Your answer must hold only the lines below from the line containing "then show ?thesis by (simp" through the line containing "(\<Sum>x\<in>\<Omega>. real (card", each reproduced exactly.

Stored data
Segment Open

(* Let $n\geqslant2$, $\lambda>0$, distinct points $p_1,\ldots,p_M\in\mathbb{Z}^n$ and positive integers $n_1,\ldots,n_M$ be given, and let $g=4\pi\sum_{j=1}^Mn_j\delta_{p_j}$. Let $\Omega_0\subset\mathbb{Z}^n$ be a finite set containing $\{p_j\}_{j=1}^M$ and let $\Omega$ be a finite connected subset with $\Omega_0\subset\Omega$. Fix a constant $K>2\lambda$. Let $u_0=0$ and, for $k\geqslant1$, let $u_k:\overline{\Omega}\to\mathbb{R}$ solve $$(\Delta-K)u_k=\lambda e^{u_{k-1}}(e^{u_{k-1}}-1)+g-Ku_{k-1}\ \text{ on }\Omega,\qquad u_k=0\ \text{ on }\delta\Omega.$$ Then for each $k$, $u_k$ is uniquely defined, and $0=u_0\geqslant u_1\geqslant u_2\geqslant\cdots$ on $\overline\Omega$.
   Context: $\mathbb{Z}^n$ is the integer lattice graph with $x\sim y$ iff $\sum_i|x_i-y_i|=1$. For a finite $\Omega\subset\mathbb{Z}^n$, $\delta\Omega=\{y\in\mathbb{Z}^n\setminus\Omega:\exists x\in\Omega,\ y\sim x\}$ and $\overline\Omega=\Omega\cup\delta\Omega$. For $u:\overline\Omega\to\mathbb{R}$ and $x\in\Omega$, $\Delta u(x)=\sum_{y\sim x}(u(y)-u(x))$. $\delta_p$ is the function equal to $1$ at $p$ and $0$ elsewhere. *)

theory Defs
  imports "HOL-Analysis.Analysis"
begin

definition lat_adj :: "int ^ 'n \<Rightarrow> int ^ 'n \<Rightarrow> bool" where
  "lat_adj x y \<longleftrightarrow> (\<Sum>i\<in>UNIV. \<bar>x $ i - y $ i\<bar>) = 1"

definition lat_bdry :: "(int ^ 'n) set \<Rightarrow> (int ^ 'n) set" where
  "lat_bdry \<Omega> = {y. y \<notin> \<Omega> \<and> (\<exists>x\<in>\<Omega>. lat_adj y x)}"

definition lat_closure :: "(int ^ 'n) set \<Rightarrow> (int ^ 'n) set" where
  "lat_closure \<Omega> = \<Omega> \<union> lat_bdry \<Omega>"

definition lat_laplacian :: "(int ^ 'n \<Rightarrow> real) \<Rightarrow> int ^ 'n \<Rightarrow> real" where
  "lat_laplacian u x = (\<Sum>y\<in>{y. lat_adj y x}. (u y - u x))"

definition lat_connected :: "(int ^ 'n) set \<Rightarrow> bool" where
  "lat_connected \<Omega> \<longleftrightarrow>
     (\<forall>x\<in>\<Omega>. \<forall>y\<in>\<Omega>. (\<lambda>a b. a \<in> \<Omega> \<and> b \<in> \<Omega> \<and> lat_adj a b)\<^sup>*\<^sup>* x y)"

definition iter_solves ::
  "real \<Rightarrow> real \<Rightarrow> (int ^ 'n \<Rightarrow> real) \<Rightarrow> (int ^ 'n) set \<Rightarrow>
   (int ^ 'n \<Rightarrow> real) \<Rightarrow> (int ^ 'n \<Rightarrow> real) \<Rightarrow> bool" where
  "iter_solves K lam g \<Omega> v u \<longleftrightarrow>
     (\<forall>x\<in>\<Omega>. lat_laplacian u x - K * u x
               = lam * exp (v x) * (exp (v x) - 1) + g x - K * v x)
   \<and> (\<forall>y\<in>lat_bdry \<Omega>. u y = 0)"

end

theory Submission
  imports Defs
begin

text \<open>
  On a finite set \<open>\<Omega>\<close> the operator \<open>\<Delta> - K\<close> with \<open>K > 0\<close> obeys a maximum principle: at a
  positive maximum of \<open>w\<close> the Laplacian is \<open>\<le> 0\<close>, so \<open>(\<Delta> - K) w \<ge> 0\<close> forces \<open>w \<le> 0\<close> when
  \<open>w \<le> 0\<close> on \<open>\<delta>\<Omega>\<close>. This yields comparison and uniqueness for the Dirichlet problem;
  existence comes from the Jacobi sweep \<open>u x \<leftarrow> ((\<Sum>y\<sim>x. u y) - F x) / (deg x + K)\<close>, a
  contraction in the sup norm. Monotonicity of the iteration is an induction: for \<open>K \<ge> \<lambda>\<close> the
  map \<open>t \<mapsto> \<lambda> e\<^sup>t (e\<^sup>t - 1) - K t\<close> is nonincreasing on \<open>t \<le> 0\<close>, so \<open>u\<^sub>k \<le> u\<^sub>k\<^sub>-\<^sub>1 \<le> 0\<close>
  makes the right-hand side for \<open>u\<^sub>k\<^sub>+\<^sub>1\<close> dominate that for \<open>u\<^sub>k\<close>, and comparison gives
  \<open>u\<^sub>k\<^sub>+\<^sub>1 \<le> u\<^sub>k\<close>. Of the data only \<open>g \<ge> 0\<close> matters.
\<close>

lemma lat_laplacian_diff:
  "lat_laplacian (\<lambda>x. a x - b x) x = lat_laplacian a x - lat_laplacian b x"
  unfolding lat_laplacian_def by (simp add: sum_subtractf[symmetric] algebra_simps)

lemma lat_laplacian_eq:
  "lat_laplacian u x = (\<Sum>y | lat_adj y x. u y) - real (card {y. lat_adj y x}) * u x"
  unfolding lat_laplacian_def by (simp add: sum_subtractf)

lemma lat_max_principle:
  assumes "finite \<Omega>" and "K > 0"
    and super: "\<forall>x\<in>\<Omega>. lat_laplacian w x - K * w x \<ge> 0"
    and boundary: "\<forall>y\<in>lat_bdry \<Omega>. w y \<le> 0"
  shows "\<forall>x\<in>\<Omega>. w x \<le> 0"
proof (rule ccontr)
  assume "\<not> ?thesis"
  then obtain x1 where x1: "x1 \<in> \<Omega>" "w x1 > 0" by auto
  have "Max (w ` \<Omega>) \<in> w ` \<Omega>" using \<open>finite \<Omega>\<close> x1(1) by (intro Max_in) auto
  then obtain x0 where x0: "x0 \<in> \<Omega>" "w x0 = Max (w ` \<Omega>)" by auto
  then have max: "\<forall>y\<in>\<Omega>. w y \<le> w x0" using \<open>finite \<Omega>\<close> by simp
  have pos: "w x0 > 0" using max x1 by force
  have "w y - w x0 \<le> 0" if "lat_adj y x0" for y
  proof (cases "y \<in> \<Omega>")
    case False
    then have "y \<in> lat_bdry \<Omega>" using that x0 unfolding lat_bdry_def by auto
    then show ?thesis using boundary pos by force
  qed (use max in auto)
  then have "lat_laplacian w x0 \<le> 0" unfolding lat_laplacian_def by (intro sum_nonpos) auto
  moreover have "K * w x0 > 0" using \<open>K > 0\<close> pos by simp
  ultimately show False using super x0 by force
qed

lemma lat_comparison:
  assumes "finite \<Omega>" and "K > 0"
    and "\<forall>x\<in>\<Omega>. lat_laplacian b x - K * b x \<le> lat_laplacian a x - K * a x"
    and "\<forall>y\<in>lat_bdry \<Omega>. a y \<le> b y"
  shows "\<forall>x\<in>\<Omega>. a x \<le> b x"
  using lat_max_principle[OF assms(1,2), of "\<lambda>x. a x - b x"] assms(3,4)
  by (simp add: lat_laplacian_diff algebra_simps)

lemma lat_dirichlet_unique:
  assumes "finite \<Omega>" and "K > 0"
    and "\<forall>x\<in>\<Omega>. lat_laplacian a x - K * a x = lat_laplacian b x - K * b x"
    and "\<forall>y\<in>lat_bdry \<Omega>. a y = b y"
  shows "\<forall>x\<in>lat_closure \<Omega>. a x = b x"
  using lat_comparison[OF assms(1,2), of a b] lat_comparison[OF assms(1,2), of b a] assms(3,4)
  unfolding lat_closure_def by (auto intro: order.antisym)

lemma fun_contraction_fixpoint:
  fixes T :: "('a \<Rightarrow> real) \<Rightarrow> 'a \<Rightarrow> real"
  assumes c: "0 \<le> c" "c < 1"
    and contraction: "\<And>f g \<delta> x. (\<And>y. \<bar>f y - g y\<bar> \<le> \<delta>) \<Longrightarrow> \<bar>T f x - T g x\<bar> \<le> c * \<delta>"
    and first_step: "\<And>x. \<bar>T f0 x - f0 x\<bar> \<le> B"
  shows "\<exists>L. T L = L"
proof -
  define f where "f m = (T ^^ m) f0" for m
  define r where "r m = B * c ^ m / (1 - c)" for m
  have f_Suc: "f (Suc m) = T (f m)" for m by (simp add: f_def)
  have step: "\<bar>f (Suc m) x - f m x\<bar> \<le> B * c ^ m" for m x
  proof (induction m arbitrary: x)
    case 0
    show ?case using first_step by (simp add: f_def)
  next
    case (Suc m)
    have "\<bar>T (f (Suc m)) x - T (f m) x\<bar> \<le> c * (B * c ^ m)" by (rule contraction) (rule Suc.IH)
    then show ?case by (simp add: f_Suc[of "Suc m"] f_Suc[of m] algebra_simps)
  qed
  have drift: "\<bar>f (m + k) x - f m x\<bar> \<le> B * (c ^ m - c ^ (m + k)) / (1 - c)" for m k x
  proof (induction k)
    case (Suc k)
    have "\<bar>f (m + Suc k) x - f m x\<bar> \<le> \<bar>f (Suc (m + k)) x - f (m + k) x\<bar> + \<bar>f (m + k) x - f m x\<bar>"
      by simp
    also have "\<dots> \<le> B * c ^ (m + k) + B * (c ^ m - c ^ (m + k)) / (1 - c)"
      using step Suc.IH by (rule add_mono)
    also have "\<dots> = B * (c ^ m - c ^ (m + Suc k)) / (1 - c)"
      using c by (simp add: field_simps)
    finally show ?case .
  qed simp
  have "0 \<le> B" using first_step by (meson abs_ge_zero order_trans)
  then have drift_bound: "\<bar>f k x - f m x\<bar> \<le> r m" if "m \<le> k" for m k x
  proof -
    have "B * (c ^ m - c ^ k) / (1 - c) \<le> r m"
      unfolding r_def using c \<open>0 \<le> B\<close> by (intro divide_right_mono mult_left_mono) auto
    then show ?thesis using drift[of m "k - m" x] that by simp
  qed
  define L where "L x = f0 x + (\<Sum>m. f (Suc m) x - f m x)" for x
  have lim: "(\<lambda>k. f k x) \<longlonglongrightarrow> L x" for x
  proof -
    have "summable (\<lambda>m. f (Suc m) x - f m x)"
    proof (rule summable_comparison_test)
      show "\<exists>N. \<forall>m\<ge>N. norm (f (Suc m) x - f m x) \<le> B * c ^ m" using step by auto
      show "summable (\<lambda>m. B * c ^ m)" using c by (intro summable_mult summable_geometric) auto
    qed
    then have "(\<lambda>k. f0 x + (\<Sum>m<k. f (Suc m) x - f m x)) \<longlonglongrightarrow> L x"
      unfolding L_def by (intro tendsto_add tendsto_const summable_LIMSEQ)
    moreover have "f0 x + (\<Sum>m<k. f (Suc m) x - f m x) = f k x" for k
      using sum_lessThan_telescope[of "\<lambda>m. f m x" k] by (simp add: f_def)
    ultimately show ?thesis by simp
  qed
  have tail: "\<bar>L x - f m x\<bar> \<le> r m" for m x
  proof -
    have "(\<lambda>k. \<bar>f k x - f m x\<bar>) \<longlonglongrightarrow> \<bar>L x - f m x\<bar>" using lim by (intro tendsto_intros)
    then show ?thesis by (rule Lim_bounded[where M = m]) (use drift_bound in auto)
  qed
  have r_zero: "r \<longlonglongrightarrow> 0"
  proof -
    have "(\<lambda>m. B / (1 - c) * c ^ m) \<longlonglongrightarrow> 0"
      using c by (intro tendsto_mult_right_zero LIMSEQ_power_zero) auto
    then show ?thesis by (simp add: r_def[abs_def])
  qed
  have "T L = L"
  proof
    fix x
    have bound: "\<bar>T L x - L x\<bar> \<le> c * r m + r (Suc m)" for m
    proof -
      have "\<bar>T L x - T (f m) x\<bar> \<le> c * r m" by (rule contraction) (rule tail)
      moreover have "\<bar>f (Suc m) x - L x\<bar> \<le> r (Suc m)" using tail[of x "Suc m"] by simp
      ultimately show ?thesis by (simp add: f_Suc)
    qed
    have "(\<lambda>m. c * r m + r (Suc m)) \<longlonglongrightarrow> 0"
      using r_zero by (intro tendsto_add_zero tendsto_mult_right_zero LIMSEQ_Suc)
    then have "\<bar>T L x - L x\<bar> \<le> 0" by (rule LIMSEQ_le_const) (use bound in blast)
    then show "T L x = L x" by simp
  qed
  then show ?thesis by blast
qed

definition lat_jacobi ::
  "real \<Rightarrow> (int ^ 'n \<Rightarrow> real) \<Rightarrow> (int ^ 'n) set \<Rightarrow> (int ^ 'n \<Rightarrow> real) \<Rightarrow> int ^ 'n \<Rightarrow> real" where
  "lat_jacobi K F \<Omega> u x =
     (if x \<in> \<Omega> then ((\<Sum>y | lat_adj y x. u y) - F x) / (real (card {y. lat_adj y x}) + K) else 0)"

lemma lat_jacobi_contraction:
  assumes "finite \<Omega>" and "K > 0" and close: "\<And>y. \<bar>u y - v y\<bar> \<le> \<delta>"
  defines "D \<equiv> (\<Sum>x\<in>\<Omega>. real (card {y. lat_adj y x}))"
  shows "\<bar>lat_jacobi K F \<Omega> u x - lat_jacobi K F \<Omega> v x\<bar> \<le> D / (D + K) * \<delta>"
proof -
  have "0 \<le> \<delta>" using close by (meson abs_ge_zero order_trans)
  show ?thesis
  proof (cases "x \<in> \<Omega>")
    case False
    have "0 \<le> D" unfolding D_def by (simp add: sum_nonneg)
    then show ?thesis using False \<open>K > 0\<close> \<open>0 \<le> \<delta>\<close> unfolding lat_jacobi_def by simp
  next
    case True
    define d where "d = real (card {y. lat_adj y x})"
    have "d \<le> D" unfolding d_def D_def using \<open>finite \<Omega>\<close> True by (intro member_le_sum) auto
    have "\<bar>lat_jacobi K F \<Omega> u x - lat_jacobi K F \<Omega> v x\<bar> = \<bar>\<Sum>y | lat_adj y x. u y - v y\<bar> / (d + K)"
      using True \<open>K > 0\<close> unfolding lat_jacobi_def d_def
      by (simp add: sum_subtractf diff_divide_distrib[symmetric])
    also have "\<dots> \<le> (\<Sum>y | lat_adj y x. \<delta>) / (d + K)"
      using \<open>K > 0\<close> close unfolding d_def
      by (intro divide_right_mono order_trans[OF sum_abs sum_mono]) auto
    also have "\<dots> = d / (d + K) * \<delta>" by (simp add: d_def)
    also have "\<dots> \<le> D / (D + K) * \<delta>"
    proof (rule mult_right_mono)
      have "d * (D + K) \<le> D * (d + K)" using \<open>d \<le> D\<close> \<open>K > 0\<close> by (simp add: algebra_simps)
      moreover have "0 < d + K" "0 < D + K" using \<open>d \<le> D\<close> \<open>K > 0\<close> by (auto simp: d_def)
      ultimately show "d / (d + K) \<le> D / (D + K)" by (simp add: divide_simps)
    qed (rule \<open>0 \<le> \<delta>\<close>)
    finally show ?thesis .
  qed
qed

lemma lat_jacobi_fixpoint_solves:
  assumes "K > 0" and fixed: "lat_jacobi K F \<Omega> u = u"
  shows "(\<forall>x\<in>\<Omega>. lat_laplacian u x - K * u x = F x) \<and> (\<forall>x. x \<notin> \<Omega> \<longrightarrow> u x = 0)"
proof (intro conjI ballI allI impI)
  fix x
  have ux: "u x = lat_jacobi K F \<Omega> u x" using fixed by simp
  then show "x \<notin> \<Omega> \<Longrightarrow> u x = 0" by (simp add: lat_jacobi_def)
  assume "x \<in> \<Omega>"
  define d where "d = real (card {y. lat_adj y x})"
  have "0 < d + K" using \<open>K > 0\<close> by (simp add: d_def add_nonneg_pos)
  moreover have "u x = ((\<Sum>y | lat_adj y x. u y) - F x) / (d + K)"
    using ux \<open>x \<in> \<Omega>\<close> by (simp add: lat_jacobi_def d_def)
  ultimately have "u x * (d + K) = (\<Sum>y | lat_adj y x. u y) - F x" by (simp add: divide_eq_eq)
  then show "lat_laplacian u x - K * u x = F x" by (simp add: lat_laplacian_eq d_def algebra_simps)
qed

Segment Closed

> _Written answer_
    then show ?thesis by (simp add: r_def[abs_def])
  qed
  have "T L = L"
  proof
    fix x
    have bound: "\<bar>T L x - L x\<bar> \<le> c * r m + r (Suc m)" for m
    proof -
      have "\<bar>T L x - T (f m) x\<bar> \<le> c * r m" by (rule contraction) (rule tail)
      moreover have "\<bar>f (Suc m) x - L x\<bar> \<le> r (Suc m)" using tail[of x "Suc m"] by simp
      ultimately show ?thesis by (simp add: f_Suc)
    qed
    have "(\<lambda>m. c * r m + r (Suc m)) \<longlonglongrightarrow> 0"
      using r_zero by (intro tendsto_add_zero tendsto_mult_right_zero LIMSEQ_Suc)
    then have "\<bar>T L x - L x\<bar> \<le> 0" by (rule LIMSEQ_le_const) (use bound in blast)
    then show "T L x = L x" by simp
  qed
  then show ?thesis by blast
qed

definition lat_jacobi ::
  "real \<Rightarrow> (int ^ 'n \<Rightarrow> real) \<Rightarrow> (int ^ 'n) set \<Rightarrow> (int ^ 'n \<Rightarrow> real) \<Rightarrow> int ^ 'n \<Rightarrow> real" where
  "lat_jacobi K F \<Omega> u x =
     (if x \<in> \<Omega> then ((\<Sum>y | lat_adj y x. u y) - F x) / (real (card {y. lat_adj y x}) + K) else 0)"

lemma lat_jacobi_contraction:
  assumes "finite \<Omega>" and "K > 0" and close: "\<And>y. \<bar>u y - v y\<bar> \<le> \<delta>"
  defines "D \<equiv> (\<Sum>x\<in>\<Omega>. real (card {y. lat_adj y x}))"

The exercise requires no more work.